Conclusions: We observed that tTMB and bTMB had a statistically significant correlation, particularly for samples with high MSAF, and that this correlation applied across disease ontologies. Further investigation into the clinical utility of bTMB is warranted.

Keywords: Biomarkers, Tumor; Immunotherapy; Ipilimumab; Nivolumab.

Figure 1

Distribution of tTMB and bTMB. Each box shows the IQR, and horizontal lines represent median values. Whiskers represent values 1.5× the upper and lower limits of the IQR. ^aTo accommodate TMB values of 0 for taking logarithms, 0.5 was added to all TMB values prior to taking the logarithm, for plotting purposes. bTMB, blood tumor mutational burden; mut/Mb, mutations/megabase; TMB, tumor mutational burden; tTMB, tissue tumor mutational burden.

Figure 2

Correlation of bTMB and tTMB for (A) all sample pairs; (B) sample pairs with MSAF≥1%; or (C) sample pairs with MSAF<1%. ^aRight-hand panel shows enlargement of the left-hand panel.

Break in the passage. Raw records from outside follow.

(* Let $b\ge 1$ and let $G$ be a graph having a proper intersection representation with axis-parallel boxes in $\mathbb{R}^b$. Then the 1-subdivision of $G$ (obtained by replacing every edge by a path of length 2) belongs to $(b+1)$-CBU.
   Context: An intersection representation of $G$ by axis-parallel boxes (products of closed intervals of positive length) in $\mathbb{R}^b$ assigns a box to each vertex so that two distinct vertices are adjacent iff their boxes intersect; it is proper if two boxes intersect if and only if some point of $\mathbb{R}^b$ belongs to these two boxes and to no other box of the representation. Let $e_1,\ldots,e_d$ be the standard basis of $\mathbb{R}^d$. For $d\ge 1$, a graph belongs to $d$-CBU if one can assign to each vertex an axis-parallel box in $\mathbb{R}^d$ such that the boxes have pairwise disjoint interiors, two distinct vertices are adjacent iff their boxes intersect, and any two intersecting boxes intersect in a $(d-1)$-dimensional box orthogonal to $e_1$. *)

theory Defs
  imports Complex_Main
begin

definition simple_graph :: "'a set \<Rightarrow> ('a \<Rightarrow> 'a \<Rightarrow> bool) \<Rightarrow> bool" where
  "simple_graph V E \<longleftrightarrow> finite V \<and> (\<forall>u v. E u v \<longrightarrow> u \<in> V \<and> v \<in> V \<and> u \<noteq> v \<and> E v u)"

(* An axis-parallel box in R^d is given by lower and upper corner (lo, hi);
   points of R^d are functions nat => real vanishing at indices >= d. *)
type_synonym box = "(nat \<Rightarrow> real) \<times> (nat \<Rightarrow> real)"

definition is_box :: "nat \<Rightarrow> box \<Rightarrow> bool" where
  "is_box d B \<longleftrightarrow> (\<forall>i<d. fst B i < snd B i)"

definition box_pts :: "nat \<Rightarrow> box \<Rightarrow> (nat \<Rightarrow> real) set" where
  "box_pts d B = {x. (\<forall>i<d. fst B i \<le> x i \<and> x i \<le> snd B i) \<and> (\<forall>i\<ge>d. x i = 0)}"

definition box_int :: "nat \<Rightarrow> box \<Rightarrow> (nat \<Rightarrow> real) set" where
  "box_int d B = {x. (\<forall>i<d. fst B i < x i \<and> x i < snd B i) \<and> (\<forall>i\<ge>d. x i = 0)}"

definition box_rep :: "nat \<Rightarrow> 'a set \<Rightarrow> ('a \<Rightarrow> 'a \<Rightarrow> bool) \<Rightarrow> ('a \<Rightarrow> box) \<Rightarrow> bool" where
  "box_rep d V E f \<longleftrightarrow> (\<forall>v\<in>V. is_box d (f v)) \<and>
     (\<forall>u\<in>V. \<forall>v\<in>V. u \<noteq> v \<longrightarrow> (E u v \<longleftrightarrow> box_pts d (f u) \<inter> box_pts d (f v) \<noteq> {}))"

definition proper_box_rep :: "nat \<Rightarrow> 'a set \<Rightarrow> ('a \<Rightarrow> 'a \<Rightarrow> bool) \<Rightarrow> ('a \<Rightarrow> box) \<Rightarrow> bool" where
  "proper_box_rep d V E f \<longleftrightarrow> box_rep d V E f \<and>
     (\<forall>u\<in>V. \<forall>v\<in>V. u \<noteq> v \<longrightarrow>
        (box_pts d (f u) \<inter> box_pts d (f v) \<noteq> {} \<longleftrightarrow>
         (\<exists>p. p \<in> box_pts d (f u) \<and> p \<in> box_pts d (f v) \<and>
              (\<forall>w\<in>V - {u, v}. p \<notin> box_pts d (f w)))))"

definition CBU :: "nat \<Rightarrow> 'a set \<Rightarrow> ('a \<Rightarrow> 'a \<Rightarrow> bool) \<Rightarrow> bool" where
  "CBU d V E \<longleftrightarrow> (\<exists>f. box_rep d V E f \<and>
     (\<forall>u\<in>V. \<forall>v\<in>V. u \<noteq> v \<longrightarrow> box_int d (f u) \<inter> box_int d (f v) = {}) \<and>
     (\<forall>u\<in>V. \<forall>v\<in>V. u \<noteq> v \<longrightarrow> box_pts d (f u) \<inter> box_pts d (f v) \<noteq> {} \<longrightarrow>
        (\<exists>c l h. (\<forall>i\<in>{1..<d}. l i < h i) \<and>
           box_pts d (f u) \<inter> box_pts d (f v) =
             {x. x 0 = c \<and> (\<forall>i\<in>{1..<d}. l i \<le> x i \<and> x i \<le> h i) \<and> (\<forall>i\<ge>d. x i = 0)})))"

definition graph_edges :: "'a set \<Rightarrow> ('a \<Rightarrow> 'a \<Rightarrow> bool) \<Rightarrow> 'a set set" where
  "graph_edges V E = {{u, v} | u v. u \<in> V \<and> v \<in> V \<and> E u v}"

definition subdiv_V :: "'a set \<Rightarrow> ('a \<Rightarrow> 'a \<Rightarrow> bool) \<Rightarrow> ('a + 'a set) set" where
  "subdiv_V V E = Inl ` V \<union> Inr ` graph_edges V E"

definition subdiv_E :: "'a set \<Rightarrow> ('a \<Rightarrow> 'a \<Rightarrow> bool) \<Rightarrow> ('a + 'a set) \<Rightarrow> ('a + 'a set) \<Rightarrow> bool" where
  "subdiv_E V E x y \<longleftrightarrow>
     (\<exists>u e. u \<in> V \<and> e \<in> graph_edges V E \<and> u \<in> e \<and>
        ((x = Inl u \<and> y = Inr e) \<or> (x = Inr e \<and> y = Inl u)))"

end

(*
  Number the vertices injectively by k and give vertex v the prism
  [2 k(v), 2 k(v) + 1] \<times> B(v) in R^(b+1), the new axis being coordinate 0.
  For an edge e = uv with k(u) < k(v), properness yields a point p(e) lying in
  B(u) and B(v) but in no other box; e gets the prism [2 k(u) + 1, 2 k(v)] \<times> C(e),
  where C(e) is a small cube around p(e).  The edge prism then meets the prisms
  of u and v in facets of the hyperplanes x_0 = 2 k(u) + 1 and x_0 = 2 k(v), and
  no other vertex prism, because the cube C(e) avoids every other box B(w).
  Two edge prisms are disjoint: if their cubes met, p(e') would lie within twice
  the radius of p(e), yet p(e') lies in the box of an endpoint of e' outside e,
  which a cube of twice the radius around p(e) still avoids.
*)

theory Submission
  imports Defs
begin

section \<open>Boxes, prisms and cubes\<close>

definition prism :: "real \<Rightarrow> real \<Rightarrow> box \<Rightarrow> box" where
  "prism t0 t1 B = (case_nat t0 (fst B), case_nat t1 (snd B))"

definition box_inter :: "box \<Rightarrow> box \<Rightarrow> box" where
  "box_inter B B' = ((\<lambda>i. max (fst B i) (fst B' i)), (\<lambda>i. min (snd B i) (snd B' i)))"

definition cube :: "(nat \<Rightarrow> real) \<Rightarrow> real \<Rightarrow> box" where
  "cube p r = ((\<lambda>i. p i - r), (\<lambda>i. p i + r))"

definition hyperplane_box :: "nat \<Rightarrow> (nat \<Rightarrow> real) set \<Rightarrow> bool" where
  "hyperplane_box d S \<longleftrightarrow> (\<exists>c l h. (\<forall>i\<in>{1..<d}. l i < h i) \<and>
     S = {x. x 0 = c \<and> (\<forall>i\<in>{1..<d}. l i \<le> x i \<and> x i \<le> h i) \<and> (\<forall>i\<ge>d. x i = 0)})"

definition facet_contact :: "nat \<Rightarrow> box \<Rightarrow> box \<Rightarrow> bool" where
  "facet_contact d A B \<longleftrightarrow> box_pts d A \<inter> box_pts d B \<noteq> {} \<and>
     box_int d A \<inter> box_int d B = {} \<and> hyperplane_box d (box_pts d A \<inter> box_pts d B)"

lemma facet_contact_commute: "facet_contact d A B \<longleftrightarrow> facet_contact d B A"
  unfolding facet_contact_def by (simp add: Int_commute)

lemma box_int_subset_box_pts: "box_int d B \<subseteq> box_pts d B"
  unfolding box_int_def box_pts_def by auto

lemma CBU_I:
  assumes boxes: "\<And>X. X \<in> S \<Longrightarrow> is_box d (F X)"
    and disjoint: "\<And>X Y. X \<in> S \<Longrightarrow> Y \<in> S \<Longrightarrow> X \<noteq> Y \<Longrightarrow> \<not> R X Y \<Longrightarrow>
      box_pts d (F X) \<inter> box_pts d (F Y) = {}"
    and contact: "\<And>X Y. X \<in> S \<Longrightarrow> Y \<in> S \<Longrightarrow> R X Y \<Longrightarrow> facet_contact d (F X) (F Y)"
  shows "CBU d S R"
proof -
  have interiors: "box_int d (F X) \<inter> box_int d (F Y) = {}"
    if "X \<in> S" "Y \<in> S" "X \<noteq> Y" for X Y
    using box_int_subset_box_pts[of d] disjoint[OF that] contact[OF that(1,2)]
    unfolding facet_contact_def by blast
  have adjacent_iff: "R X Y \<longleftrightarrow> box_pts d (F X) \<inter> box_pts d (F Y) \<noteq> {}"
    if "X \<in> S" "Y \<in> S" "X \<noteq> Y" for X Y
    using disjoint[OF that] contact[OF that(1,2)] unfolding facet_contact_def by blast
  have facets: "hyperplane_box d (box_pts d (F X) \<inter> box_pts d (F Y))"
    if "X \<in> S" "Y \<in> S" "X \<noteq> Y" "box_pts d (F X) \<inter> box_pts d (F Y) \<noteq> {}" for X Y
    using adjacent_iff[OF that(1-3)] contact[OF that(1,2)] that(4) unfolding facet_contact_def by blast
  show ?thesis
    unfolding CBU_def box_rep_def
  proof (intro exI[of _ F] conjI ballI impI)
    show "is_box d (F X)" if "X \<in> S" for X
      using boxes that .
  qed (use adjacent_iff interiors facets in \<open>auto simp: hyperplane_box_def\<close>)
qed

lemma all_ge_Suc_conv: "(\<forall>i\<ge>Suc b. P i) \<longleftrightarrow> (\<forall>i\<ge>b. P (Suc i))"
  by (metis Suc_le_D Suc_le_mono)

lemma ball_atLeast1_lessThan_Suc_conv: "(\<forall>i\<in>{1..<Suc b}. P i) \<longleftrightarrow> (\<forall>i<b. P (Suc i))"
  by (metis One_nat_def Suc_le_eq atLeastLessThan_iff gr0_implies_Suc not_less_eq zero_less_Suc)

lemma box_pts_prism: "x \<in> box_pts (Suc b) (prism t0 t1 B) \<longleftrightarrow>
    t0 \<le> x 0 \<and> x 0 \<le> t1 \<and> (\<lambda>i. x (Suc i)) \<in> box_pts b B"
  unfolding box_pts_def prism_def by (simp add: All_less_Suc2 all_ge_Suc_conv)

lemma box_int_prism: "x \<in> box_int (Suc b) (prism t0 t1 B) \<longleftrightarrow>
    t0 < x 0 \<and> x 0 < t1 \<and> (\<lambda>i. x (Suc i)) \<in> box_int b B"
  unfolding box_int_def prism_def by (simp add: All_less_Suc2 all_ge_Suc_conv)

Shaded area around the regression line in the right-hand panel shows the 95% CIs for Passing–Bablok regression analysis. bTMB, blood tumor mutational burden; MSAF, maximum somatic allele frequency; r, Spearman’s correlation coefficient; tTMB, tissue tumor mutational burden.

Figure 3

Correlations between tTMB and bTMB by disease ontology for (A) samples with MSAF≥1% and for (B) samples with MSAF≥1% to <10% versus ≥10%. Number of sample pairs is shown inside each bar. ^aData are shown for the top five most frequent disease ontologies among samples with MSAF≥1%. bTMB, blood tumor mutational burden; CUP, carcinoma of unknown primary; MSAF, maximum somatic allele frequency; tTMB, tissue tumor mutational burden.

Figure 4

Assessment of TMB status between tissue-based and blood-based assays by disease ontology, for (A) samples with MSAF≥1% and (B) samples with MSAF≥1% to <10% versus ≥10%. Number of sample pairs is shown inside each bar. ^aData are shown for the top five most frequent disease ontologies among samples with MSAF≥1%. CUP, carcinoma of unknown primary; MSAF, maximum somatic allele frequency; PPA, positive percentage agreement; TMB, tumor mutational burden.

Figure 5

Concordance between tTMB and bTMB status among responders and non-responders to ICI therapy.^{a a}Patients with either tTMB-H or bTMB-H status who were randomized in the CheckMate 848 trial. Samples were pooled across the nivolumab+ipilimumab and nivolumab monotherapy treatment arms. BOR, best overall response; bTMB, blood tumor mutational burden; bTMB-H, high blood tumor mutational burden; CR, complete response; ICI, immune checkpoint inhibitor; MSAF, maximum somatic allele frequency; NE, not evaluable (for response); PD, progressive disease; PR, partial response; SD, stable disease; tTMB, tissue tumor mutational burden; tTMB-H, high tissue tumor mutational burden.